Running the MaxEnt rule learning

From Apertium
Jump to navigation Jump to search

There are two methods based on maximum entropy models for lexical selection rule learning, a monolingual and a bilingual one.

Monolingual rule learning

First run the monolingual-rule-learning to obtain the .ambig and .annotated files. You should also have yasmet compiled in your Apertium-lex-tools folder.
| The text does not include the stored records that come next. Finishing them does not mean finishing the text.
lemma continuous_on_\<eta>: "continuous_on S (\<lambda>(k,x). \<eta> k x)"
  unfolding \<eta>_def split_beta by (intro continuous_intros)

lemma has_field_derivative_\<eta>: "((\<lambda>k. \<eta> k x) has_field_derivative exp (- \<delta> * x)) (at k within U)"
  unfolding \<eta>_def by (auto intro!: derivative_eq_intros)

lemma continuous_on_MH_\<eta>: "continuous_on ({0<..} \<times> {0..}) (\<lambda>(k,x). MH m0 m1 \<kappa> (\<eta> k x))"
  unfolding MH_def split_beta
  by (intro continuous_intros continuous_on_compose2[OF continuous_on_\<eta>, unfolded split_beta, of _ id, simplified])
     (auto dest: \<eta>_pos)

lemma continuous_on_dMH_\<eta>:
  "continuous_on ({0<..} \<times> {0..}) (\<lambda>(k,x). dMH (\<eta> k x) * exp (- \<delta> * x))"
  unfolding dMH_def split_beta
  by (intro continuous_intros continuous_on_compose2[OF continuous_on_\<eta>, unfolded split_beta, of _ id, simplified])
     (auto dest: \<eta>_pos)

lemma continuous_on_\<Psi>: "continuous_on ({0<..} \<times> {0..X}) (\<lambda>(k,x). \<Psi> k x)"
  unfolding \<Psi>_def
  by (rule continuous_on_integral_upper_limit_param, rule continuous_on_subset[OF continuous_on_MH_\<eta>]) auto

lemma continuous_on_d\<Psi>: "continuous_on ({0<..} \<times> {0..X}) (\<lambda>(k,x). d\<Psi> k x)"
  unfolding d\<Psi>_def
  by (rule continuous_on_integral_upper_limit_param, rule continuous_on_subset[OF continuous_on_dMH_\<eta>]) auto

lemma has_field_derivative_MH_\<eta>:
  assumes "k > 0" "x \<ge> 0"
  shows "((\<lambda>k. MH m0 m1 \<kappa> (\<eta> k x)) has_field_derivative dMH (\<eta> k x) * exp (- \<delta> * x)) (at k within U)"
  using \<eta>_pos[OF assms] unfolding MH_def dMH_def
  by (auto intro!: derivative_eq_intros has_field_derivative_\<eta>)

lemma has_field_derivative_\<Psi>:
  assumes "k > 0" "x \<ge> 0"
  shows "((\<lambda>k. \<Psi> k x) has_field_derivative d\<Psi> k x) (at k)"
proof -
  have "((\<lambda>k. integral (cbox 0 x) (\<lambda>v. MH m0 m1 \<kappa> (\<eta> k v))) has_field_derivative
          integral (cbox 0 x) (\<lambda>v. dMH (\<eta> k v) * exp (- \<delta> * v))) (at k within {0<..})"
  proof (rule leibniz_rule_field_derivative)
    show "(\<lambda>v. MH m0 m1 \<kappa> (\<eta> k v)) integrable_on cbox 0 x" if "k \<in> {0<..}" for k
      using continuous_on_slice[OF continuous_on_MH_\<eta>, of k "cbox 0 x"] that
      by (intro integrable_continuous) auto
    show "continuous_on ({0<..} \<times> cbox 0 x) (\<lambda>(k, v). dMH (\<eta> k v) * exp (- \<delta> * v))"
      by (rule continuous_on_subset[OF continuous_on_dMH_\<eta>]) auto
    show "((\<lambda>k. MH m0 m1 \<kappa> (\<eta> k v)) has_field_derivative dMH (\<eta> k v) * exp (- \<delta> * v))
            (at k within {0<..})" if "k \<in> {0<..}" "v \<in> cbox 0 x" for k v
      using that by (intro has_field_derivative_MH_\<eta>) auto
  qed (use assms in auto)
  moreover have "at k within {0<..} = at k"
    using assms by (intro at_within_open) auto
  ultimately show ?thesis
    unfolding \<Psi>_def d\<Psi>_def by (simp add: cbox_interval)
qed
(* (i) Every topological group without nontrivial convergent sequences is TAP. (ii) Every infinite pseudocompact topological group without nontrivial convergent sequences is TAP but not NSS.
   Context: Topological groups are Hausdorff. A topological group is NSS if some open neighborhood of the identity contains no nontrivial subgroup. A subset $A$ of a topological group $G$ is absolutely productive in $G$ if for every injection $a:\mathbb{N}\to A$ and every map $z:\mathbb{N}\to\mathbb{Z}$ the sequence $\left(\prod_{n=0}^{k}a(n)^{z(n)}\right)_{k\in\mathbb{N}}$ converges in $G$; $G$ is TAP if every absolutely productive subset of $G$ is finite. A nontrivial convergent sequence is a convergent sequence that is not eventually constant. *)

theory Defs
  imports "HOL-Analysis.Analysis" "HOL-Algebra.Group"
begin

definition topological_group :: "('a, 'b) monoid_scheme \<Rightarrow> 'a topology \<Rightarrow> bool" where
  "topological_group G T \<longleftrightarrow>
     group G \<and> topspace T = carrier G \<and> Hausdorff_space T \<and>
     continuous_map (prod_topology T T) T (\<lambda>p. fst p \<otimes>\<^bsub>G\<^esub> snd p) \<and>
     continuous_map T T (\<lambda>x. inv\<^bsub>G\<^esub> x)"

definition NSS :: "('a, 'b) monoid_scheme \<Rightarrow> 'a topology \<Rightarrow> bool" where
  "NSS G T \<longleftrightarrow> (\<exists>U. openin T U \<and> \<one>\<^bsub>G\<^esub> \<in> U \<and>
      (\<forall>H. subgroup H G \<and> H \<subseteq> U \<longrightarrow> H = {\<one>\<^bsub>G\<^esub>}))"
Next, run the following script to extract lexical selection rules:

YASMET=/home/philip/Apertium/apertium-lex-tools/yasmet
SCRIPTS=/home/philip/Apertium/apertium-lex-tools/scripts
DATA=/home/philip/Apertium/gsoc2013/monolingual/data
CORPUS=setimes
PAIR=sh-mk
MIN=$1

python3 $SCRIPTS/biltrans-count-patterns-frac-maxent.py $DATA/setimes.sh-mk.freq $DATA/setimes.sh-mk.ambig $DATA/setimes.sh-mk.annotated > events 2>ngrams
echo -n "" > all-lambdas
cat events | grep -v -e '\$ 0\.0 #' -e '\$ 0 #' > events.trimmed
for i in `cat events.trimmed|cut -f1 |sort -u`; do
	num=`cat events.trimmed | grep "^$i" | cut -f2 | head -1`
	echo $num > tmp.yasmet;
	cat events.trimmed | grep "^$i" | cut -f3 | sed 's/^ //g' | sed 's/[ ]*$//g'  >> tmp.yasmet;
	cat tmp.yasmet | $YASMET -red $MIN > tmp.yasmet.$MIN; 
	cat tmp.yasmet.$MIN | $YASMET > tmp.lambdas
	cat tmp.lambdas | sed "s/^/$i /g" >> all-lambdas;
done

rm tmp.*

python3 $SCRIPTS/merge-ngrams-lambdas.py ngrams all-lambdas > rules-all.txt

python3 $SCRIPTS/lambdas-to-rules.py $DATA/setimes.sh-mk.freq rules-all.txt > ngrams-all.txt

python3 $SCRIPTS/ngrams-to-rules-me.py ngrams-all.txt > $PAIR.ngrams-lm-$MIN.xml 2>/tmp/$PAIR.$MIN.lög

The variables at the top of the script should be set in the following way:

* YASMET is the file path to a yasmet binary
* SCRIPTS is the file path to the apertium-lex-tools scripts
* DATA is the file path to the data generated by the monolingual rule extraction method
* CORPUS is the base name of the corpus file 
* PAIR is the language pair

Bilingual rule learning

You will need to run Generating lexical-selection rules from a parallel corpus first in order to obtain the (corpus).candidates.(lang-pair) file (You don't have to run the whole process. Stop when you have obtained the candidates file).

You also need to have yasmet compiled in your apertium-lex-tools directory.

Next, run the following script to obtain the lexical selection rules

YASMET=/home/philip/Apertium/apertium-lex-tools/yasmet
SCRIPTS=/home/philip/Apertium/apertium-lex-tools/scripts
TRAIN=/home/philip/Apertium/corpora/raw/setimes-hr-mk-nikola
DATA=/home/philip/Apertium/gsoc2013/monolingual/data
CORPUS=setimes
PAIR=sh-mk
MIN=$1


python $SCRIPTS/ngram-count-patterns-maxent.py $DATA/setimes.sh-mk.freq $TRAIN/$CORPUS.candidates.hr-mk 2>ngrams > events
echo -n "" > all-lambdas
cat events | grep -v -e '\$ 0\.0 #' -e '\$ 0 #' > events.trimmed
for i in `cat events.trimmed|cut -f1 |sort -u`; do
	num=`cat events.trimmed | grep "^$i" | cut -f2 | head -1`
	echo $num > tmp.yasmet;
	cat events.trimmed | grep "^$i" | cut -f3 | sed 's/^ //g' | sed 's/[ ]*$//g'  >> tmp.yasmet;
	cat tmp.yasmet | $YASMET -red $MIN > tmp.yasmet.$MIN; 
	cat tmp.yasmet.$MIN | $YASMET > tmp.lambdas
	cat tmp.lambdas | sed "s/^/$i /g" >> all-lambdas;
done

rm tmp.*

python3 $SCRIPTS/merge-ngrams-lambdas.py ngrams all-lambdas > rules-all.txt

python3 $SCRIPTS/lambdas-to-rules.py $DATA/setimes.sh-mk.freq rules-all.txt > ngrams-all.txt

python3 $SCRIPTS/ngrams-to-rules-me.py ngrams-all.txt > $PAIR.ngrams-lm-$MIN.xml 2>/tmp/$PAIR.$MIN.lög

The variables should be set the same way as with the monolingual method.